Newman thinks reinstating a mask mandate in classrooms and for child care workers would help slow the rise in cases in New Brunswick, even as other parts of the community continue without a. She noted that children under five are still not approved for a vaccine and that New Brunswick’s five-to-11-year-old population has “a significantly lower vaccination rate than older children and adults.” .
Coupled with the fact that young children are much less likely to maintain physical distancing, “I think slowing the rate of spread in that environment alone may impact community spread,” she said.
Amid the pandemic, players in the health system, education system and government have worked together “from the beginning and reassessed things as they went along,” Newman noted.
“I just hope the public health and government parties are willing to engage again and [say]”Let’s look at what happened last month… Maybe we need to re-evaluate what we’re doing.”
“And there’s no shame in that.”
Toronto board changes notice strategy
Canada’s largest school board announced on Monday that it now send COVID-19 positive case notification letters (of all self-reported cases) to all students in the affected schoola change from the previous policy of only sending notes to families in relevant classrooms.
The impetus for the change was the Toronto District School Board’s desire to streamline communication with families, especially for high school students who have different classes throughout the day, spokesperson Ryan Bird said. who noted that the decision comes at an opportune time given that “anecdotally, yes, we’re hearing about an increase in cases.”
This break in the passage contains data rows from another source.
(* Let $m,n$ be positive integers. Then $\mathrm{RR}(\mathcal{B}_m:\mathcal{B}_n)\leq m\,\mathrm{R}_{2^m-1}(\mathcal{B}_n)+m$.
   Context: $\mathcal{B}_N$ denotes the Boolean lattice of all subsets of $[N]$ ordered by inclusion. An induced copy of a poset $\mathcal{P}$ in a poset $\mathcal{Q}$ is the image of an injection $f:\mathcal{P}\to\mathcal{Q}$ with $f(X)\le f(Y)$ iff $X\le Y$. A colored family is monochromatic if all its sets share a color, rainbow if all its sets have pairwise distinct colors. $\mathrm{R}_k(\mathcal{P})$ is the smallest $n$ such that every coloring of $\mathcal{B}_n$ with $k$ colors contains a monochromatic induced copy of $\mathcal{P}$. The Boolean rainbow Ramsey number $\mathrm{RR}(\mathcal{Q}:\mathcal{P})$ is the smallest $n$ such that every coloring (with any number of colors) of the sets of $\mathcal{B}_n$ contains a rainbow induced copy of $\mathcal{Q}$ or a monochromatic induced copy of $\mathcal{P}$. *)

theory Defs
  imports Main
begin

definition Bool_lat :: "nat \<Rightarrow> nat set set" where
  "Bool_lat N = Pow {1..N}"

definition induced_copy :: "'a set set \<Rightarrow> 'b set set \<Rightarrow> 'b set set \<Rightarrow> bool" where
  "induced_copy P Q F \<longleftrightarrow>
     (\<exists>f. inj_on f P \<and> f ` P \<subseteq> Q \<and> F = f ` P \<and>
          (\<forall>X\<in>P. \<forall>Y\<in>P. f X \<subseteq> f Y \<longleftrightarrow> X \<subseteq> Y))"

definition monochromatic :: "('b \<Rightarrow> 'c) \<Rightarrow> 'b set \<Rightarrow> bool" where
  "monochromatic col F \<longleftrightarrow> (\<exists>c. \<forall>X\<in>F. col X = c)"

definition rainbow :: "('b \<Rightarrow> 'c) \<Rightarrow> 'b set \<Rightarrow> bool" where
  "rainbow col F \<longleftrightarrow> inj_on col F"

definition Ramsey_num :: "nat \<Rightarrow> nat set set \<Rightarrow> nat" where
  "Ramsey_num k P = (LEAST n. \<forall>col :: nat set \<Rightarrow> nat.
      (\<forall>X\<in>Bool_lat n. col X < k) \<longrightarrow>
      (\<exists>F. induced_copy P (Bool_lat n) F \<and> monochromatic col F))"

text \<open>RR(Q:P): least n such that every colouring of B_n (with any number of colours;
  since B_n is finite, colours may be taken to be natural numbers) contains a rainbow
  induced copy of Q or a monochromatic induced copy of P.\<close>
definition rainbow_Ramsey_num :: "nat set set \<Rightarrow> nat set set \<Rightarrow> nat" where
  "rainbow_Ramsey_num Q P = (LEAST n. \<forall>col :: nat set \<Rightarrow> nat.
      (\<exists>F. induced_copy Q (Bool_lat n) F \<and> rainbow col F) \<or>
      (\<exists>F. induced_copy P (Bool_lat n) F \<and> monochromatic col F))"

end

theory Submission
  imports Defs "HOL-Library.FuncSet"
begin

(* Boolean Ramsey numbers exist by induction on n: in B_(a+K), colour B_a once for each layer
   X \<union> {a+1..a+j}, j \<le> K, and take a monochromatic B_n in each layer. With K large enough,
   two layers j < j' carry the same copy in the same colour, and together they form a
   monochromatic B_(n+1).

   For the bound let R = R_(2^m-1)(B_n), N = m R + m, and take a colouring of B_N without a
   monochromatic B_n. The coordinates above m form m blocks of length R. For each nonempty
   A \<subseteq> [m] there is a copy of B_R consisting of sets that meet [m] in A, contain the
   first |A| - 1 blocks and lie in the first |A| blocks; it carries at least 2^m colours.
   So one can choose a set from each of these 2^m - 1 copies such that the chosen sets and the
   empty set all have distinct colours, and the block structure alone forces the chosen sets
   to form a copy of B_m, which is then rainbow. *)

definition order_embedding :: "'a set set \<Rightarrow> 'b set set \<Rightarrow> ('a set \<Rightarrow> 'b set) \<Rightarrow> bool" where
  "order_embedding P Q f \<longleftrightarrow> f ` P \<subseteq> Q \<and> (\<forall>X\<in>P. \<forall>Y\<in>P. f X \<subseteq> f Y \<longleftrightarrow> X \<subseteq> Y)"

lemma order_embedding_inj_on: "order_embedding P Q f \<Longrightarrow> inj_on f P"
  unfolding order_embedding_def inj_on_def by (metis subset_antisym order_refl)

lemma induced_copy_iff: "induced_copy P Q F \<longleftrightarrow> (\<exists>f. order_embedding P Q f \<and> F = f ` P)"
  unfolding induced_copy_def using order_embedding_inj_on by (auto simp: order_embedding_def)

lemma order_embedding_comp:
  "order_embedding P Q f \<Longrightarrow> order_embedding Q Q' g \<Longrightarrow> order_embedding P Q' (g \<circ> f)"
  unfolding order_embedding_def by (simp add: image_subset_iff)

lemma order_embedding_id: "order_embedding P P id"
  unfolding order_embedding_def by simp

definition Bool_lat_arrows :: "nat \<Rightarrow> nat \<Rightarrow> nat \<Rightarrow> bool" where
  "Bool_lat_arrows k n N \<longleftrightarrow> (\<forall>col :: nat set \<Rightarrow> nat. (\<forall>X\<in>Bool_lat N. col X < k) \<longrightarrow>
      (\<exists>f. order_embedding (Bool_lat n) (Bool_lat N) f \<and> monochromatic col (f ` Bool_lat n)))"

lemma Ramsey_num_Bool_lat: "Ramsey_num k (Bool_lat n) = (LEAST N. Bool_lat_arrows k n N)"
proof -
  have "(\<exists>F. induced_copy (Bool_lat n) (Bool_lat N) F \<and> monochromatic col F) \<longleftrightarrow>
      (\<exists>f. order_embedding (Bool_lat n) (Bool_lat N) f \<and> monochromatic col (f ` Bool_lat n))"
    for N and col :: "nat set \<Rightarrow> nat"
    by (auto simp: induced_copy_iff)
  then show ?thesis unfolding Ramsey_num_def Bool_lat_arrows_def by simp
qed

lemma Bool_lat_arrows_0: "Bool_lat_arrows k 0 0"
  unfolding Bool_lat_arrows_def monochromatic_def Bool_lat_def
  using order_embedding_id by fastforce

lemma Un_subset_Un_disjoint_iff:
  assumes "U \<subseteq> A" "V \<subseteq> A" "S \<inter> A = {}" "T \<inter> A = {}"
  shows "U \<union> S \<subseteq> V \<union> T \<longleftrightarrow> U \<subseteq> V \<and> S \<subseteq> T"
  using assms by blast

lemma order_embedding_Bool_lat_Suc:
  assumes g: "order_embedding (Bool_lat n) (Bool_lat a) g"
    and "S \<subset> S'" "S' \<subseteq> {a<..N}"
  shows "order_embedding (Bool_lat (Suc n)) (Bool_lat N)
           (\<lambda>X. g (X - {Suc n}) \<union> (if Suc n \<in> X then S' else S))"
    (is "order_embedding _ _ ?f")
  unfolding order_embedding_def
proof (intro conjI image_subsetI ballI)
  have lower: "X - {Suc n} \<in> Bool_lat n" if "X \<in> Bool_lat (Suc n)" for X
    using that unfolding Bool_lat_def by (auto simp: le_Suc_eq)
  have g_into: "g X \<subseteq> {1..a}" if "X \<in> Bool_lat n" for X
    using g that unfolding order_embedding_def Bool_lat_def by blast
  obtain x where "x \<in> S'" using \<open>S \<subset> S'\<close> by blast
  then have "a < N" using assms(3) by fastforce
  have top_between: "(if P then S' else S) \<subseteq> {a<..N}" for P
    using assms(2,3) by auto
  fix X Y
  assume X: "X \<in> Bool_lat (Suc n)"
  have "?f X \<subseteq> {1..a} \<union> {a<..N}"
    using g_into[OF lower[OF X]] top_between by (rule Un_mono)
  also have "\<dots> \<subseteq> {1..N}" using \<open>a < N\<close> by auto
  finally show "?f X \<in> Bool_lat N" unfolding Bool_lat_def by simp
  assume Y: "Y \<in> Bool_lat (Suc n)"
  have disj: "(if P then S' else S) \<inter> {1..a} = {}" for P
    using top_between[of P] by auto
  have "?f X \<subseteq> ?f Y \<longleftrightarrow> g (X - {Suc n}) \<subseteq> g (Y - {Suc n})
      \<and> (if Suc n \<in> X then S' else S) \<subseteq> (if Suc n \<in> Y then S' else S)"
    by (rule Un_subset_Un_disjoint_iff[OF g_into[OF lower[OF X]] g_into[OF lower[OF Y]] disj disj])
  also have "\<dots> \<longleftrightarrow> X - {Suc n} \<subseteq> Y - {Suc n} \<and> (Suc n \<in> X \<longrightarrow> Suc n \<in> Y)"
    using g lower X Y \<open>S \<subset> S'\<close> unfolding order_embedding_def by auto
  also have "\<dots> \<longleftrightarrow> X \<subseteq> Y" by blast
  finally show "?f X \<subseteq> ?f Y \<longleftrightarrow> X \<subseteq> Y" .
qed

lemma Bool_lat_arrows_monochromatic_Un:
  assumes "Bool_lat_arrows k n a" and "\<And>X. X \<in> Bool_lat a \<Longrightarrow> c (X \<union> S) < k"
  shows "\<exists>g d. order_embedding (Bool_lat n) (Bool_lat a) g \<and> d < k \<and>
           (\<forall>X\<in>Bool_lat n. c (g X \<union> S) = d)"
proof -
  obtain g where g: "order_embedding (Bool_lat n) (Bool_lat a) g"
    and "monochromatic (\<lambda>X. c (X \<union> S)) (g ` Bool_lat n)"
    using assms(1)[unfolded Bool_lat_arrows_def, rule_format, of "\<lambda>X. c (X \<union> S)"] assms(2) by blast
  then obtain d where d: "\<forall>X\<in>Bool_lat n. c (g X \<union> S) = d"
    unfolding monochromatic_def by auto
  have "{} \<in> Bool_lat n" "g {} \<in> Bool_lat a"
    using g unfolding order_embedding_def Bool_lat_def by auto
  then have "d < k"
    using d assms(2) by metis
  with g d show ?thesis by blast
qed

lemma pigeonhole_atMost_card:
  assumes "finite L" "f ` {..card L} \<subseteq> L"
  shows "\<exists>i j. i < j \<and> j \<le> card L \<and> f i = f j"
proof -
  have "\<not> inj_on f {..card L}"
    using card_inj_on_le[OF _ assms(2,1)] by auto
  then obtain i i' where "i \<le> card L" "i' \<le> card L" "i \<noteq> i'" "f i = f i'"
    unfolding inj_on_def by auto
  then show ?thesis
    by (intro exI[of _ "min i i'"] exI[of _ "max i i'"]) (auto simp: min_def max_def)
qed

lemma monochromatic_Bool_lat_Suc_of_two_layers:
  assumes g: "order_embedding (Bool_lat n) (Bool_lat a) g"
    and "j < j'" "j' \<le> K"
    and layers: "\<And>X. X \<in> Bool_lat n \<Longrightarrow> c (g X \<union> {a<..a + j}) = d \<and> c (g X \<union> {a<..a + j'}) = d"
  shows "\<exists>f. order_embedding (Bool_lat (Suc n)) (Bool_lat (a + K)) f \<and>
           monochromatic c (f ` Bool_lat (Suc n))"
proof -
  let ?f = "\<lambda>X. g (X - {Suc n}) \<union> (if Suc n \<in> X then {a<..a + j'} else {a<..a + j})"
  have "{a<..a + j} \<subseteq> {a<..a + j'}" "a + j' \<in> {a<..a + j'} - {a<..a + j}"
    using \<open>j < j'\<close> by auto
  then have "{a<..a + j} \<subset> {a<..a + j'}" by blast
  moreover have "{a<..a + j'} \<subseteq> {a<..a + K}"
    using \<open>j' \<le> K\<close> by auto
  ultimately have "order_embedding (Bool_lat (Suc n)) (Bool_lat (a + K)) ?f"
    by (rule order_embedding_Bool_lat_Suc[OF g])
  moreover have "c (?f X) = d" if "X \<in> Bool_lat (Suc n)" for X
  proof -
    have "X - {Suc n} \<in> Bool_lat n"
      using that unfolding Bool_lat_def by (auto simp: le_Suc_eq)
    then show ?thesis
      using layers[of "X - {Suc n}"] by auto
  qed
  then have "monochromatic c (?f ` Bool_lat (Suc n))"
    unfolding monochromatic_def by auto
  ultimately show ?thesis by blast
qed

lemma Bool_lat_arrows_Suc:
  assumes "Bool_lat_arrows k n a"
  shows "Bool_lat_arrows k (Suc n) (a + card ((Bool_lat n \<rightarrow>\<^sub>E Bool_lat a) \<times> {..<k}))"
proof -
  define L where "L = (Bool_lat n \<rightarrow>\<^sub>E Bool_lat a) \<times> {..<k}"
  define K where "K = card L"
  have "Bool_lat_arrows k (Suc n) (a + K)"
    unfolding Bool_lat_arrows_def
  proof (intro allI impI)
    fix c :: "nat set \<Rightarrow> nat"
    assume c: "\<forall>X\<in>Bool_lat (a + K). c X < k"
    have "\<exists>g d. order_embedding (Bool_lat n) (Bool_lat a) g \<and> d < k \<and>
        (\<forall>X\<in>Bool_lat n. c (g X \<union> {a<..a + j}) = d)" if "j \<le> K" for j
    proof (rule Bool_lat_arrows_monochromatic_Un[OF assms])
      fix X
      assume "X \<in> Bool_lat a"
      then have "X \<union> {a<..a + j} \<in> Bool_lat (a + K)"
        using \<open>j \<le> K\<close> by (auto simp: Bool_lat_def)
      then show "c (X \<union> {a<..a + j}) < k"
        using c by blast
    qed
    then obtain G D where GD: "\<And>j. j \<le> K \<Longrightarrow> order_embedding (Bool_lat n) (Bool_lat a) (G j) \<and>
        D j < k \<and> (\<forall>X\<in>Bool_lat n. c (G j X \<union> {a<..a + j}) = D j)"
      by metis
    define lab where "lab j = (restrict (G j) (Bool_lat n), D j)" for j
    have "lab j \<in> L" if "j \<le> K" for j
      using GD[OF that] unfolding lab_def L_def order_embedding_def by auto
    moreover have "finite L"
      unfolding L_def Bool_lat_def by (intro finite_cartesian_product finite_PiE) auto
    ultimately obtain j j' where jj': "j < j'" "j' \<le> K" "lab j = lab j'"
      using pigeonhole_atMost_card[of L lab] unfolding K_def by (auto simp: image_subset_iff)
    then have restr: "restrict (G j') (Bool_lat n) = restrict (G j) (Bool_lat n)" and "D j' = D j"
      unfolding lab_def by simp_all
    have "G j' X = G j X" if "X \<in> Bool_lat n" for X
      using fun_cong[OF restr, of X] that by simp
    then have layers: "c (G j X \<union> {a<..a + j}) = D j \<and> c (G j X \<union> {a<..a + j'}) = D j"
      if "X \<in> Bool_lat n" for X
      using GD[of j] GD[of j'] jj'(1,2) \<open>D j' = D j\<close> that by simp
    have "order_embedding (Bool_lat n) (Bool_lat a) (G j)"
      using GD jj'(1,2) by simp
    from monochromatic_Bool_lat_Suc_of_two_layers[OF this jj'(1,2) layers]
    show "\<exists>f. order_embedding (Bool_lat (Suc n)) (Bool_lat (a + K)) f \<and>
        monochromatic c (f ` Bool_lat (Suc n))" .
  qed
  then show ?thesis unfolding K_def L_def .
qed

lemma Bool_lat_arrows_exists: "\<exists>N. Bool_lat_arrows k n N"
proof (induction n)
  case 0
  show ?case using Bool_lat_arrows_0 by blast
next
  case (Suc n)
  then show ?case using Bool_lat_arrows_Suc by blast
qed

lemma Bool_lat_arrows_Ramsey_num: "Bool_lat_arrows k n (Ramsey_num k (Bool_lat n))"
  unfolding Ramsey_num_Bool_lat by (rule LeastI_ex) (rule Bool_lat_arrows_exists)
With school boards no longer centrally tracking COVID-19 cases by location on a day-to-day basis, per Ontario Ministry of Education guidelines, “we just don’t have that hard data. “.
According to Bird, despite the fact that many pandemic measures in schools were lifted this spring, the board is doing its best with the remaining measures to keep everyone safe.
“I now think everyone basically mixes during the school day and after the school day, [sending school-wide notification letters] really gives people that higher level of detail,” he said.
“It’s really more on the families to make the best decision based on their unique circumstances.”